*REQUIRED ACTION:*
Go through the listing and copy each line with the string "assoc".

*SUPPLIED MATERIAL:*
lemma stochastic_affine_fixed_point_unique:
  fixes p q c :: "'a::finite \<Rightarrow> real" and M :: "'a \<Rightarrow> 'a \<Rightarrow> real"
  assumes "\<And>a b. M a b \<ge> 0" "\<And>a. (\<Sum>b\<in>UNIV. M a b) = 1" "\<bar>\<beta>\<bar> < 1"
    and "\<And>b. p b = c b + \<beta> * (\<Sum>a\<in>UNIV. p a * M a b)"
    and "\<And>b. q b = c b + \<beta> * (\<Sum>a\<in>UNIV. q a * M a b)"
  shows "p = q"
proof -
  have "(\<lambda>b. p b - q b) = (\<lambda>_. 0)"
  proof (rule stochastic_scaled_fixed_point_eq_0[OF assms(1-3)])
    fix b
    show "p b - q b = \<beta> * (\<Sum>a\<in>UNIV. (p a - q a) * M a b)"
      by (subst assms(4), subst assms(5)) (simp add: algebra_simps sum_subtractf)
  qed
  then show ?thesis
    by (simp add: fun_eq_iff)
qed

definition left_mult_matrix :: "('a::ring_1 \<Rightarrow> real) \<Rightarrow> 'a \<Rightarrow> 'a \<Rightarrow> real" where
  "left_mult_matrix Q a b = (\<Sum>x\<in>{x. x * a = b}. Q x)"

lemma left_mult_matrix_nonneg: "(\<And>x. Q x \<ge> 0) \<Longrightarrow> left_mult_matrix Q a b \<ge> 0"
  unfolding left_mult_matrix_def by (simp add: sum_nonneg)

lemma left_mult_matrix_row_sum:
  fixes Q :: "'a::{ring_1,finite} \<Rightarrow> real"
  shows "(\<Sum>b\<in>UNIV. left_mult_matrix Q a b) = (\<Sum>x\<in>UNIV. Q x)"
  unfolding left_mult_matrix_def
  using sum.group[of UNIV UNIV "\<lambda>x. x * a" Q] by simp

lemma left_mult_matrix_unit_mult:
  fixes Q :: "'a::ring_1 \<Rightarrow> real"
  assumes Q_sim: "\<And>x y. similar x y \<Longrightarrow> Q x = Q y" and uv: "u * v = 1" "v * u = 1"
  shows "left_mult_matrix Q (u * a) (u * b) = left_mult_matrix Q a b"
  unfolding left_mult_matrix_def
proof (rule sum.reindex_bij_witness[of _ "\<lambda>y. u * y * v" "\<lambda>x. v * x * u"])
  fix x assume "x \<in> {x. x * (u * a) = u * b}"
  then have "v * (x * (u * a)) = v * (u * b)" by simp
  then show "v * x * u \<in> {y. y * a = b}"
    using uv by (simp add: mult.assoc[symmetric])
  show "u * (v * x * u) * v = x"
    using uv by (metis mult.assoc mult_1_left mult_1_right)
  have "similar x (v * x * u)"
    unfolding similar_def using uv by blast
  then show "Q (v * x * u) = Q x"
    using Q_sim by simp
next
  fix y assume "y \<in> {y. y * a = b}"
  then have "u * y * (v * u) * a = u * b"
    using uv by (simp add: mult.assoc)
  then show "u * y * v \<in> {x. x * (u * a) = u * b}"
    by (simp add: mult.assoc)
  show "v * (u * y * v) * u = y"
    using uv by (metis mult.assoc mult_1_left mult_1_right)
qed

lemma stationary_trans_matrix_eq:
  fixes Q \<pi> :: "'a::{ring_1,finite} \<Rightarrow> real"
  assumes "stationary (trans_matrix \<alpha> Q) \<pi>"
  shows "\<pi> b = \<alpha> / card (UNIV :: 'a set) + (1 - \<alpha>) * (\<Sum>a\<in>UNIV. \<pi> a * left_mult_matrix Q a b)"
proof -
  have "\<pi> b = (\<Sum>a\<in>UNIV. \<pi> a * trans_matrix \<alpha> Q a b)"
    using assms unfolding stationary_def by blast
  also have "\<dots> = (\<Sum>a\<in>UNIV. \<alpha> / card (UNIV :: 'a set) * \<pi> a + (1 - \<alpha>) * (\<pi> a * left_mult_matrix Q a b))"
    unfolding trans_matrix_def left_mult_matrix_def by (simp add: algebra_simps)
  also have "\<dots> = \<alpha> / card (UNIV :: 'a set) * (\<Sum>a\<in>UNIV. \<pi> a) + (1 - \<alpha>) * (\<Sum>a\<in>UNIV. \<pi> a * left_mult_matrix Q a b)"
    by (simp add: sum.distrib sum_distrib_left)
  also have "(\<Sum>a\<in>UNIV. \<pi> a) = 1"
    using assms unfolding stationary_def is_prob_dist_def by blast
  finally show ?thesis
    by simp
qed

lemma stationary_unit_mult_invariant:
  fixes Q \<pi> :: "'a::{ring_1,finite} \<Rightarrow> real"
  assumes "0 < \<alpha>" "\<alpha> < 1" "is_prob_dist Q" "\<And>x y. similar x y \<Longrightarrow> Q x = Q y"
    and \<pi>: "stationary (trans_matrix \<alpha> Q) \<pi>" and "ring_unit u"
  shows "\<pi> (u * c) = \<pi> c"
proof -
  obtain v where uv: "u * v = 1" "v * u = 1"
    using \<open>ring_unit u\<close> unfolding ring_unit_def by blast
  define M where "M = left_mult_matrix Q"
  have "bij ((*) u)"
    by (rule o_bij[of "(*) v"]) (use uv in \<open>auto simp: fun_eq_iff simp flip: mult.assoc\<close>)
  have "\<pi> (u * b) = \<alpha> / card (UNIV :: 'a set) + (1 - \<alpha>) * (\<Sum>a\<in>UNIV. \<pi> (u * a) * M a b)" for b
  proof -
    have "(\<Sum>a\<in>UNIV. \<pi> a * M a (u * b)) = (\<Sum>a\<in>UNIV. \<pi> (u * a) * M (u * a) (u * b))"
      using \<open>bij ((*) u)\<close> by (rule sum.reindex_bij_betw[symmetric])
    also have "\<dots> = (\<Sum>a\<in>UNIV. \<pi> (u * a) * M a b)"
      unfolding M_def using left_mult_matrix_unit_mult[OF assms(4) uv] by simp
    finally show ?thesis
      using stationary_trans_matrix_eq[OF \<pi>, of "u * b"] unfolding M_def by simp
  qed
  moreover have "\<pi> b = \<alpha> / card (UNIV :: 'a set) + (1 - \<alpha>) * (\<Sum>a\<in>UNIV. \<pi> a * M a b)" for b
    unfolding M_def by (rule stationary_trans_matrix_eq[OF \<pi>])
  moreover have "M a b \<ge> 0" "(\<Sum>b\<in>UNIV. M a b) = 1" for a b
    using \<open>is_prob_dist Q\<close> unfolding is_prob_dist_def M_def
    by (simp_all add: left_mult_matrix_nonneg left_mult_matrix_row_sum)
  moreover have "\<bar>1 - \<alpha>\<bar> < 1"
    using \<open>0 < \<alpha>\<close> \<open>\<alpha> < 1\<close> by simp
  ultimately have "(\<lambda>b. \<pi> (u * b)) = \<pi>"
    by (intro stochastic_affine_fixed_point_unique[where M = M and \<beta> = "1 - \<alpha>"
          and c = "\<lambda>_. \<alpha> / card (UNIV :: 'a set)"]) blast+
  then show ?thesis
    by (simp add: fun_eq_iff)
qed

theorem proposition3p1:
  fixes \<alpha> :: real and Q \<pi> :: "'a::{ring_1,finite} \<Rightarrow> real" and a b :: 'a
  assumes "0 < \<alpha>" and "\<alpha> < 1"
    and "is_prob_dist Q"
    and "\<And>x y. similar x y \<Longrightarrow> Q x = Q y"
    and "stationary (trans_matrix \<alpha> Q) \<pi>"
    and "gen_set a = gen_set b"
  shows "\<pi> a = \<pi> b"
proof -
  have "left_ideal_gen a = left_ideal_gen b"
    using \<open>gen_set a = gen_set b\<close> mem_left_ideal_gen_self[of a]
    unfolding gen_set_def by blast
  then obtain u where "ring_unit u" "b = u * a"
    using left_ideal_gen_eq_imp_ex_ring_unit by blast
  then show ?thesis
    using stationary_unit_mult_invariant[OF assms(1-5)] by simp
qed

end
==
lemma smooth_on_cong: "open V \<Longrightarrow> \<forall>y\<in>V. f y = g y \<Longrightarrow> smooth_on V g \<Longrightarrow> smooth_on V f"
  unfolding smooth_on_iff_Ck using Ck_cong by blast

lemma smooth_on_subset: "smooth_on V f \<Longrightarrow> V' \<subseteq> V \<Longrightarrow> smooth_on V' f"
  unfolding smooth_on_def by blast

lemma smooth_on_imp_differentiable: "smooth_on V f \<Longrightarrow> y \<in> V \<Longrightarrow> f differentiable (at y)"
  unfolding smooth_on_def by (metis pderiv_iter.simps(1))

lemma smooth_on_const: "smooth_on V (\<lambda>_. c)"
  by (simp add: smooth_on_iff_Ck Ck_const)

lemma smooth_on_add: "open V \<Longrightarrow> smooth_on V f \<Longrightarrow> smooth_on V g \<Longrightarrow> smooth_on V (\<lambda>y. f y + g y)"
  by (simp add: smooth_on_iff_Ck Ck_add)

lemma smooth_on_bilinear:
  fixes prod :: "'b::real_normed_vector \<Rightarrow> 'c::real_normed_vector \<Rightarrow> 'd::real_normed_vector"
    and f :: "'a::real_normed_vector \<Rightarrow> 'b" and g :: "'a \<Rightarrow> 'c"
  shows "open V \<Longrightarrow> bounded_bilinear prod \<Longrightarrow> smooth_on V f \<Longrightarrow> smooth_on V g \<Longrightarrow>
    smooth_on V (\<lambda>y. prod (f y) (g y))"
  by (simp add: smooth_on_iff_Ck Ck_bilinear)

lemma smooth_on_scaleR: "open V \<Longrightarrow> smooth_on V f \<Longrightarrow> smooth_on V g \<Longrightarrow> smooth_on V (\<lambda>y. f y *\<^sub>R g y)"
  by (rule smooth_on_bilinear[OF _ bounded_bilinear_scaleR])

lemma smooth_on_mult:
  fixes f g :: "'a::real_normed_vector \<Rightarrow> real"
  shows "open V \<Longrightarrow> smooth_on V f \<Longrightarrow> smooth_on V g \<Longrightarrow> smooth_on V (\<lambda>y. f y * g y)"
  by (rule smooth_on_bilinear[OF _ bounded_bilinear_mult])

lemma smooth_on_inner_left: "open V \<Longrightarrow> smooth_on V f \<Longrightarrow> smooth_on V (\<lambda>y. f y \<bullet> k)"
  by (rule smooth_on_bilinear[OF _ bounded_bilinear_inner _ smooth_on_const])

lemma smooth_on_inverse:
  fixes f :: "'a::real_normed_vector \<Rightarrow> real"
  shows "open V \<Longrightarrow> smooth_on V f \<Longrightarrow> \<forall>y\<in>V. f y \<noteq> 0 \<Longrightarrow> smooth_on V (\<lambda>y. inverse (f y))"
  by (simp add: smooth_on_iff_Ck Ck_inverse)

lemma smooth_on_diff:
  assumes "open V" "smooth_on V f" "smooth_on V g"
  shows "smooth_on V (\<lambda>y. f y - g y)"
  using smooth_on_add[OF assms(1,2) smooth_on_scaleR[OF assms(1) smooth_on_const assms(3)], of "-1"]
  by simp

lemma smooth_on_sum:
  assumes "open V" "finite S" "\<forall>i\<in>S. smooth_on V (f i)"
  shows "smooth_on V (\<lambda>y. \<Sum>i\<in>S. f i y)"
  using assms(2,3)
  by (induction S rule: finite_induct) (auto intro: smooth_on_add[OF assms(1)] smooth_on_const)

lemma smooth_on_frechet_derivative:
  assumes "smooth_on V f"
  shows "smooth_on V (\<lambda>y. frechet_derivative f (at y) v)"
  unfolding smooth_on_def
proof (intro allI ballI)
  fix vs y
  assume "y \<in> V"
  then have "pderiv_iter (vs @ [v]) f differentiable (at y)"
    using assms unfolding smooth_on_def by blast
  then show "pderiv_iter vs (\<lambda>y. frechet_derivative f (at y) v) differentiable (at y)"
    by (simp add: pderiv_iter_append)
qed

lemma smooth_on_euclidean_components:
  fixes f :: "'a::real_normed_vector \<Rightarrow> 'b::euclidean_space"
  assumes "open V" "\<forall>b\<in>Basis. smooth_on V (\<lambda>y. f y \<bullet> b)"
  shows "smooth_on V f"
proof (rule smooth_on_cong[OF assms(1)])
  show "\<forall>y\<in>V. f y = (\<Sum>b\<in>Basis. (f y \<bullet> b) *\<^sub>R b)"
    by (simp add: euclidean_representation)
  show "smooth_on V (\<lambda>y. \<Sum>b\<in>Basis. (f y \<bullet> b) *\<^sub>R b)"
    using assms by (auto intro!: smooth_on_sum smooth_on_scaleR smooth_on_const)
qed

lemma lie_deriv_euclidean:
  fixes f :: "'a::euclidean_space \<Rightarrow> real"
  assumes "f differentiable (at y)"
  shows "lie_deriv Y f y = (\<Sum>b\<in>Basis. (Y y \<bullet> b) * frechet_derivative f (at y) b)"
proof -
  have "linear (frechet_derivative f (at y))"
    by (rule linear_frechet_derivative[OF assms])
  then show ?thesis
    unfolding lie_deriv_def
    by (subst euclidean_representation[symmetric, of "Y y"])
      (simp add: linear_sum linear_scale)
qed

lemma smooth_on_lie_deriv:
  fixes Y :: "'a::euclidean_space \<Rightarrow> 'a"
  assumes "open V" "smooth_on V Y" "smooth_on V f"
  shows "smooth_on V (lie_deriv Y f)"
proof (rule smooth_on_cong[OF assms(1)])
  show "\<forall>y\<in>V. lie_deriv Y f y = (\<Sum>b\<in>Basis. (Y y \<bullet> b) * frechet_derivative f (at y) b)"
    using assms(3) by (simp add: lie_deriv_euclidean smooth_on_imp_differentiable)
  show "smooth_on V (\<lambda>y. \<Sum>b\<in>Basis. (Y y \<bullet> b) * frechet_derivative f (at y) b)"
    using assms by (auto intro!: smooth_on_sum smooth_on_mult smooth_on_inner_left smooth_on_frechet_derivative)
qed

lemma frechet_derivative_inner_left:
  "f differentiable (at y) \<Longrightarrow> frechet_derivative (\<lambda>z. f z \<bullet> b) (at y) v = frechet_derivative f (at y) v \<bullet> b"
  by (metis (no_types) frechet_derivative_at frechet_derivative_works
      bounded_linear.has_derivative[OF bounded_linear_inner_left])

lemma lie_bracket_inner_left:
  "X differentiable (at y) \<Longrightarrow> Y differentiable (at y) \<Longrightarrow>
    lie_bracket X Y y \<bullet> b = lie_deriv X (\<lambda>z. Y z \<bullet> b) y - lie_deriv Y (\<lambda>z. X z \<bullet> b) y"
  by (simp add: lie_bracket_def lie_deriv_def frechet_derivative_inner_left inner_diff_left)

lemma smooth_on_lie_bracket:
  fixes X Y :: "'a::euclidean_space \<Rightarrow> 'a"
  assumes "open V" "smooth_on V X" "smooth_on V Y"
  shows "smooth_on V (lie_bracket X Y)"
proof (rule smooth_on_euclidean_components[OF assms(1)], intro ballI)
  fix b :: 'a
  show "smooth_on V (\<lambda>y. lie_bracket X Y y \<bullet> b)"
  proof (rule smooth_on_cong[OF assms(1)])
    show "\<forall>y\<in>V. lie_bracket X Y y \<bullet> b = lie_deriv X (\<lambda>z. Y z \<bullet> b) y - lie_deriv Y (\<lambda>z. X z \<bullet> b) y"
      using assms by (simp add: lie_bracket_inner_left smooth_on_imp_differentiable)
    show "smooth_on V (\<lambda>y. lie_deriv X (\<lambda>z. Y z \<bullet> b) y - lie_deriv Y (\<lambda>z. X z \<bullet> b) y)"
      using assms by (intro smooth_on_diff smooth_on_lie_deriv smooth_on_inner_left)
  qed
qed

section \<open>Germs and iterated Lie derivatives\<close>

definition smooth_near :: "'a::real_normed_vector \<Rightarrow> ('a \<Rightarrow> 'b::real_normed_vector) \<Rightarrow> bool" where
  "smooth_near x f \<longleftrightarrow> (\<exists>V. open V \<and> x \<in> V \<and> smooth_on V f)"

*ANSWER BELOW:*
    using uv by (simp add: mult.assoc[symmetric])
    using uv by (metis mult.assoc mult_1_left mult_1_right)
    using uv by (simp add: mult.assoc)
    by (simp add: mult.assoc)
    using uv by (metis mult.assoc mult_1_left mult_1_right)
    by (rule o_bij[of "(*) v"]) (use uv in \<open>auto simp: fun_eq_iff simp flip: mult.assoc\<close>)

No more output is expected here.